lemma triangle_is_block:
  assumes G: "simple_graph G"
    and abc: "a \<noteq> b" "b \<noteq> c" "a \<noteq> c" "{a, b} \<in> snd G" "{b, c} \<in> snd G" "{a, c} \<in> snd G"
    and low: "degree (snd G) a \<le> 2" "degree (snd G) b \<le> 2"
  shows "is_block (snd G) {{a, b}, {b, c}, {a, c}}"
proof -
  define T where "T = {{a, b}, {b, c}, {a, c}}"
  have fin: "finite (snd G)"
    using simple_graph_finite_edges[OF G] .
  have at_a: "e = {a, b} \<or> e = {a, c}" if "e \<in> snd G" "a \<in> e" for e
    using edges_at_low_degree[OF fin abc(4,6,2) low(1) that] .
  have at_b: "e = {a, b} \<or> e = {b, c}" if "e \<in> snd G" "b \<in> e" for e
  proof -
    have "{b, a} \<in> snd G"
      using abc(4) by (simp add: insert_commute)
    from edges_at_low_degree[OF fin this abc(5) abc(3) low(2) that] show ?thesis
      by (simp add: insert_commute)
  qed
  have "F = T" if F: "T \<subseteq> F" "F \<subseteq> snd G" "nonseparable F" for F
  proof (rule ccontr)
    assume "F \<noteq> T"
    then obtain e where e: "e \<in> F" "e \<notin> T"
      using F(1) by blast
    then obtain y where y: "y \<in> e" "y \<noteq> c"
      using simple_graph_edgeE[OF G, of e] F(2) by blast
    have "a \<notin> e" "b \<notin> e"
      using at_a at_b e F(2) unfolding T_def by blast+
    have "c \<in> \<Union>F" "a \<in> \<Union>F - {c}" "y \<in> \<Union>F - {c}"
      using F(1) abc(3) e(1) y unfolding T_def by blast+
    then have "(edge_adj {e \<in> F. c \<notin> e})\<^sup>*\<^sup>* a y"
      using F(3) unfolding nonseparable_def connected_edges_def by blast
    then have "y \<in> {a, b}"
    proof (induction rule: rtranclp_induct)
      case (step x z)
      then have "{x, z} \<in> snd G" "c \<notin> {x, z}"
        using F(2) unfolding edge_adj_def by auto
      with step.IH show ?case
        using at_a at_b abc(1) by (auto simp: doubleton_eq_iff)
    qed simp
    then show False
      using \<open>a \<notin> e\<close> \<open>b \<notin> e\<close> y(1) by blast
  qed
  then show ?thesis
    using nonseparable_triangle[OF abc(1-3)] abc(4-6)
    unfolding is_block_def T_def by blast
qed

lemma property_S_imp_triangle_free_S:
  assumes G: "simple_graph G" and S: "property_S G"
  shows "triangle_free_S (snd G)"
proof (rule triangle_free_SI)
  show low: "degree (snd G) a \<le> 2 \<or> degree (snd G) b \<le> 2" if "{a, b} \<in> snd G" for a b
    using S that unfolding property_S_def by fastforce
  have no_low_triangle: False
    if "p \<noteq> q" "q \<noteq> r" "p \<noteq> r" "{p, q} \<in> snd G" "{q, r} \<in> snd G" "{p, r} \<in> snd G"
      "degree (snd G) p \<le> 2" "degree (snd G) q \<le> 2" for p q r
  proof -
    have "is_block (snd G) {{p, q}, {q, r}, {p, r}}"
      using triangle_is_block[OF G that] .
    moreover have "is_triangle {{p, q}, {q, r}, {p, r}}"
      using that(1-3) unfolding is_triangle_def by blast
    ultimately show False
      using S unfolding property_S_def by blast
  qed
  fix a b c assume abc: "a \<noteq> b" "b \<noteq> c" "a \<noteq> c" "{a, b} \<in> snd G" "{b, c} \<in> snd G" "{a, c} \<in> snd G"
  then consider "degree (snd G) a \<le> 2" "degree (snd G) b \<le> 2"
    | "degree (snd G) b \<le> 2" "degree (snd G) c \<le> 2"
    | "degree (snd G) a \<le> 2" "degree (snd G) c \<le> 2"
    using low[OF abc(4)] low[OF abc(5)] low[OF abc(6)] by blast
  then show False
  proof cases
    case 1
    then show False using no_low_triangle[of a b c] abc by blast
  next
    case 2
    then show False using no_low_triangle[of b c a] abc by (simp add: insert_commute)
  next
    case 3
    then show False using no_low_triangle[of a c b] abc by (simp add: insert_commute)
  qed
qed

text \<open>\<open>E'\<close> is the edge set after a move from \<open>E\<close>; the reply is the deletion of \<open>g\<close>.\<close>

definition has_reply :: "'a set set \<Rightarrow> 'a set set \<Rightarrow> bool" where
  "has_reply E E' \<longleftrightarrow> (\<exists>g\<in>E'. triangle_free_S (E' - {g}) \<and> card (E' - {g}) + 2 = card E)"

lemma has_replyI:
  assumes "finite E" and "triangle_free_S E"
    and "g \<in> E'" and "E' - {g} \<subseteq> E" and "card (E' - {g}) + 2 = card E"
  shows "has_reply E E'"
  using assms triangle_free_S_subset unfolding has_reply_def by blast

lemma has_reply_delete:
  assumes E: "finite E" "triangle_free_S E" and e: "e \<in> E" and two: "2 \<le> card E"
  shows "has_reply E (E - {e})"
proof -
  have "card (E - {e}) + 1 = card E"
    using E(1) e two by (simp add: card_Diff_singleton)
  then have "card (E - {e}) > 0"
    using two by linarith
  then obtain g where g: "g \<in> E - {e}"
    by (metis card_gt_0_iff ex_in_conv)
  have card: "card (E - {e} - {g}) + 2 = card E"
    using E(1) e g two by (simp add: card_Diff_singleton)
  show ?thesis
    by (rule has_replyI[OF E g _ card]) blast
qed

lemma has_reply_image:
  assumes h: "bij h" and reply: "has_reply E E'"
  shows "has_reply E (image h ` E')"
proof -
  obtain g where g: "g \<in> E'" "triangle_free_S (E' - {g})" "card (E' - {g}) + 2 = card E"
    using reply unfolding has_reply_def by blast
  have inj: "inj (image h)"
    using h by (simp add: bij_is_inj inj_on_image)
  have "image h ` E' - {h ` g} = image h ` (E' - {g})"
    by (simp add: image_set_diff[OF inj])
  moreover have "triangle_free_S (image h ` (E' - {g}))"
    using triangle_free_S_image[OF h g(2)] .
  moreover have "card (image h ` (E' - {g})) = card (E' - {g})"
    using card_image[OF inj_on_subset[OF inj]] by blast
  ultimately show ?thesis
    using g(1,3) unfolding has_reply_def by (metis imageI)
qed

lemma contract_edge_pendant:
  assumes G: "simple_graph G" and uv: "{u, v} \<in> snd G"
    and pendant: "\<And>x. {v, x} \<in> snd G \<Longrightarrow> x = u"
  shows "snd (contract_edge G u v) = snd G - {{u, v}}"
proof -
  have "v \<notin> e" if e: "e \<in> snd G" "e \<noteq> {u, v}" for e
  proof
    assume "v \<in> e"
    then obtain x where x: "e = {v, x}"
      using simple_graph_edge_at[OF G e(1)] by blast
    then have "x = u"
      using pendant e(1) by blast
    with x e(2) show False
      by (simp add: insert_commute)
  qed
  then have "{e \<in> snd G. v \<notin> e} = snd G - {{u, v}}"
    by blast
  moreover have "{{u, x} | x. {v, x} \<in> snd G \<and> x \<noteq> u} = {}"
    using pendant by blast
  ultimately show ?thesis
    unfolding contract_edge_def snd_conv by (simp only: Un_empty_right)
qed

lemma contract_edge_path:
  assumes G: "simple_graph G" and S: "triangle_free_S (snd G)"
    and uv: "{u, v} \<in> snd G" and vx: "{v, x} \<in> snd G" "x \<noteq> u"
    and low: "degree (snd G) v \<le> 2"
  shows "{u, x} \<in> snd (contract_edge G u v)"
    and "snd (contract_edge G u v) - {{u, x}} = snd G - {{v, u}, {v, x}}"
proof -
  have "u \<noteq> v" "v \<noteq> x"
    using simple_graph_edgeD(1)[OF G] uv vx(1) by blast+
  have vu: "{v, u} \<in> snd G"
    using uv by (simp add: insert_commute)
  have at_v: "e = {v, u} \<or> e = {v, x}" if "e \<in> snd G" "v \<in> e" for e
    using edges_at_low_degree[OF simple_graph_finite_edges[OF G] vu vx(1) vx(2)[symmetric] low that] .
  have "y = x" if "{v, y} \<in> snd G" "y \<noteq> u" for y
    using at_v[OF that(1)] that(2) \<open>u \<noteq> v\<close> \<open>v \<noteq> x\<close> by (auto simp: doubleton_eq_iff)
  then have new: "{{u, y} | y. {v, y} \<in> snd G \<and> y \<noteq> u} = {{u, x}}"
    using vx by blast
  then show "{u, x} \<in> snd (contract_edge G u v)"
    by (simp add: contract_edge_def)
  have "{u, x} \<notin> snd G"
    using triangle_free_S_no_triangle[OF S \<open>u \<noteq> v\<close> \<open>v \<noteq> x\<close> vx(2)[symmetric] uv vx(1)] .
  moreover have "{e \<in> snd G. v \<notin> e} = snd G - {{v, u}, {v, x}}"
    using at_v by auto
  ultimately show "snd (contract_edge G u v) - {{u, x}} = snd G - {{v, u}, {v, x}}"
    using new by (auto simp: contract_edge_def)
qed

lemma contract_edge_has_reply:
  assumes G: "simple_graph G" and S: "triangle_free_S (snd G)" and uv: "{u, v} \<in> snd G"
    and low: "degree (snd G) v \<le> 2" and two: "2 \<le> card (snd G)"
  shows "has_reply (snd G) (snd (contract_edge G u v))"
proof (cases "\<exists>x. {v, x} \<in> snd G \<and> x \<noteq> u")
  case False
  then show ?thesis
    using contract_edge_pendant[OF G uv] has_reply_delete[OF simple_graph_finite_edges[OF G] S uv two]
    by auto
next
  case True
  then obtain x where vx: "{v, x} \<in> snd G" "x \<noteq> u"
    by blast
  have vu: "{v, u} \<in> snd G"
    using uv by (simp add: insert_commute)
  have "card {{v, u}, {v, x}} = 2"
    using vx(2) by (auto simp: doubleton_eq_iff)
  then have "card (snd G - {{v, u}, {v, x}}) + 2 = card (snd G)"
    using simple_graph_finite_edges[OF G] vu vx(1) two by (simp add: card_Diff_subset)
  then show ?thesis
    using has_replyI[OF simple_graph_finite_edges[OF G] S contract_edge_path(1)[OF G S uv vx low]]
      contract_edge_path(2)[OF G S uv vx low]
    by auto
qed

lemma nimors_move_has_reply:
  assumes G: "simple_graph G" and S: "triangle_free_S (snd G)" and two: "2 \<le> card (snd G)"
    and move: "nimors_move G G'"
  shows "has_reply (snd G) (snd G')"
  using move unfolding nimors_move_def
proof (elim disjE bexE exE conjE)
  fix e assume "e \<in> snd G" "G' = delete_edge G e"
  then show ?thesis
    using has_reply_delete[OF simple_graph_finite_edges[OF G] S _ two] by simp
next
  fix u v assume uv: "{u, v} \<in> snd G" and G': "G' = contract_edge G u v"
  from triangle_free_S_low_degree[OF S uv] show ?thesis
  proof
    assume "degree (snd G) u \<le> 2"
    moreover have "{v, u} \<in> snd G"
      using uv by (simp add: insert_commute)
    ultimately have "has_reply (snd G) (snd (contract_edge G v u))"
      using contract_edge_has_reply[OF G S _ _ two] by blast
    then show ?thesis
      unfolding G' contract_edge_commute[OF G, of u v]
      by (rule has_reply_image[OF bij_transpose])
  next
    assume "degree (snd G) v \<le> 2"
    then show ?thesis
      unfolding G' by (rule contract_edge_has_reply[OF G S uv _ two])
  qed
qed
(* Let $\beta\in[0,1)$ and let $\xi$ be a random variable with values in $[0,\infty)$. Write $\lfloor x\rfloor_+:=\max\{\lfloor x\rfloor,1\}$. (a) If $\lim_{n\to\infty}n\log n\cdot\mathbb{P}\big(\lceil\xi^{1/(1-\beta)}\rceil=n\big)=0$, then $$\lim_{n\to\infty}\mathbb{E}\Big[\frac{n^\beta\xi\,\mathbf 1\{n-n^\beta\xi\ge1\}}{\lfloor n-n^\beta\xi\rfloor_+}\Big]=0.$$ (b) If $\mathbb{E}[\log_+\xi]<\infty$ (where $\log_+x=\max\{\log x,0\}$), then $$\sum_{n=1}^\infty\frac1n\,\mathbb{E}\Big[\frac{n^\beta\xi\,\mathbf 1\{n-n^\beta\xi\ge1\}}{\lfloor n-n^\beta\xi\rfloor_+}\Big]<\infty.$$ *)

theory Defs
  imports "HOL-Probability.Probability"
begin

definition floor_plus :: "real \<Rightarrow> int" where
  "floor_plus x = max \<lfloor>x\<rfloor> 1"

text \<open>Positive part of the logarithm, log_+ x = max (log x) 0 (with log 0 = -infinity).\<close>
definition log_plus :: "real \<Rightarrow> real" where
  "log_plus x = (if x \<le> 1 then 0 else ln x)"

definition kernel :: "real \<Rightarrow> nat \<Rightarrow> real \<Rightarrow> real" where
  "kernel \<beta> n x =
     (real n powr \<beta> * x * (if real n - real n powr \<beta> * x \<ge> 1 then 1 else 0))
     / real_of_int (floor_plus (real n - real n powr \<beta> * x))"

end

theory Submission
  imports Defs
begin

text \<open>
  Write \<open>c = 1 - \<beta>\<close>, \<open>y = n powr \<beta> * x\<close> and \<open>N = x powr (1/c)\<close>, so that
  \<open>y = n * (N/n) powr c\<close>. Concavity of \<open>t powr c\<close> gives \<open>n - y \<ge> c * (n - N)\<close>, hence
  every nonzero term satisfies \<open>c * (n - N) * kernel \<beta> n x \<le> 2 * n\<close>. If \<open>y \<le> n/2\<close> the
  kernel is at most \<open>4 * x * n powr (\<beta> - 1)\<close>; if \<open>y > n/2\<close> then \<open>n < 2 powr (1/c) * N\<close>.

  (a) The terms with \<open>y \<le> n/2\<close> vanish in the mean by dominated convergence. On the event
  \<open>\<lceil>N\<rceil> = n - j\<close>, a term with \<open>y > n/2\<close> is \<open>O(n / (j + 1))\<close> and forces
  \<open>n - j > n / 2 powr (1/c)\<close>. Since \<open>P(\<lceil>N\<rceil> = m) = o(1 / (m ln m))\<close>, its contribution is
  \<open>o(1 / ((j + 1) ln n))\<close>, and the harmonic sum over \<open>j < n\<close> is only \<open>O(ln n)\<close>.

  (b) For fixed \<open>x\<close> the series of \<open>kernel \<beta> n x / n\<close> telescopes: the terms with
  \<open>y \<le> n/2\<close> against the decreasing potential \<open>min 1 (x * n powr (-c))\<close>, the others against
  the increasing potential \<open>ln (1 + (n - N))\<close> on the range \<open>N < n < 2 powr (1/c) * N\<close>. Its sum
  is therefore \<open>O(1 + log_plus x)\<close>, which is integrable.
\<close>

lemma floor_plus_ge_one: "1 \<le> real_of_int (floor_plus t)"
  unfolding floor_plus_def by simp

What the exercise asks: Every line from the top of the material above through the line holding "F. c \<notin>" should be reproduced word for word, and nothing beyond it.

The completed task:
lemma triangle_is_block:
  assumes G: "simple_graph G"
    and abc: "a \<noteq> b" "b \<noteq> c" "a \<noteq> c" "{a, b} \<in> snd G" "{b, c} \<in> snd G" "{a, c} \<in> snd G"
    and low: "degree (snd G) a \<le> 2" "degree (snd G) b \<le> 2"
  shows "is_block (snd G) {{a, b}, {b, c}, {a, c}}"
proof -
  define T where "T = {{a, b}, {b, c}, {a, c}}"
  have fin: "finite (snd G)"
    using simple_graph_finite_edges[OF G] .
  have at_a: "e = {a, b} \<or> e = {a, c}" if "e \<in> snd G" "a \<in> e" for e
    using edges_at_low_degree[OF fin abc(4,6,2) low(1) that] .
  have at_b: "e = {a, b} \<or> e = {b, c}" if "e \<in> snd G" "b \<in> e" for e
  proof -
    have "{b, a} \<in> snd G"
      using abc(4) by (simp add: insert_commute)
    from edges_at_low_degree[OF fin this abc(5) abc(3) low(2) that] show ?thesis
      by (simp add: insert_commute)
  qed
  have "F = T" if F: "T \<subseteq> F" "F \<subseteq> snd G" "nonseparable F" for F
  proof (rule ccontr)
    assume "F \<noteq> T"
    then obtain e where e: "e \<in> F" "e \<notin> T"
      using F(1) by blast
    then obtain y where y: "y \<in> e" "y \<noteq> c"
      using simple_graph_edgeE[OF G, of e] F(2) by blast
    have "a \<notin> e" "b \<notin> e"
      using at_a at_b e F(2) unfolding T_def by blast+
    have "c \<in> \<Union>F" "a \<in> \<Union>F - {c}" "y \<in> \<Union>F - {c}"
      using F(1) abc(3) e(1) y unfolding T_def by blast+
    then have "(edge_adj {e \<in> F. c \<notin> e})\<^sup>*\<^sup>* a y"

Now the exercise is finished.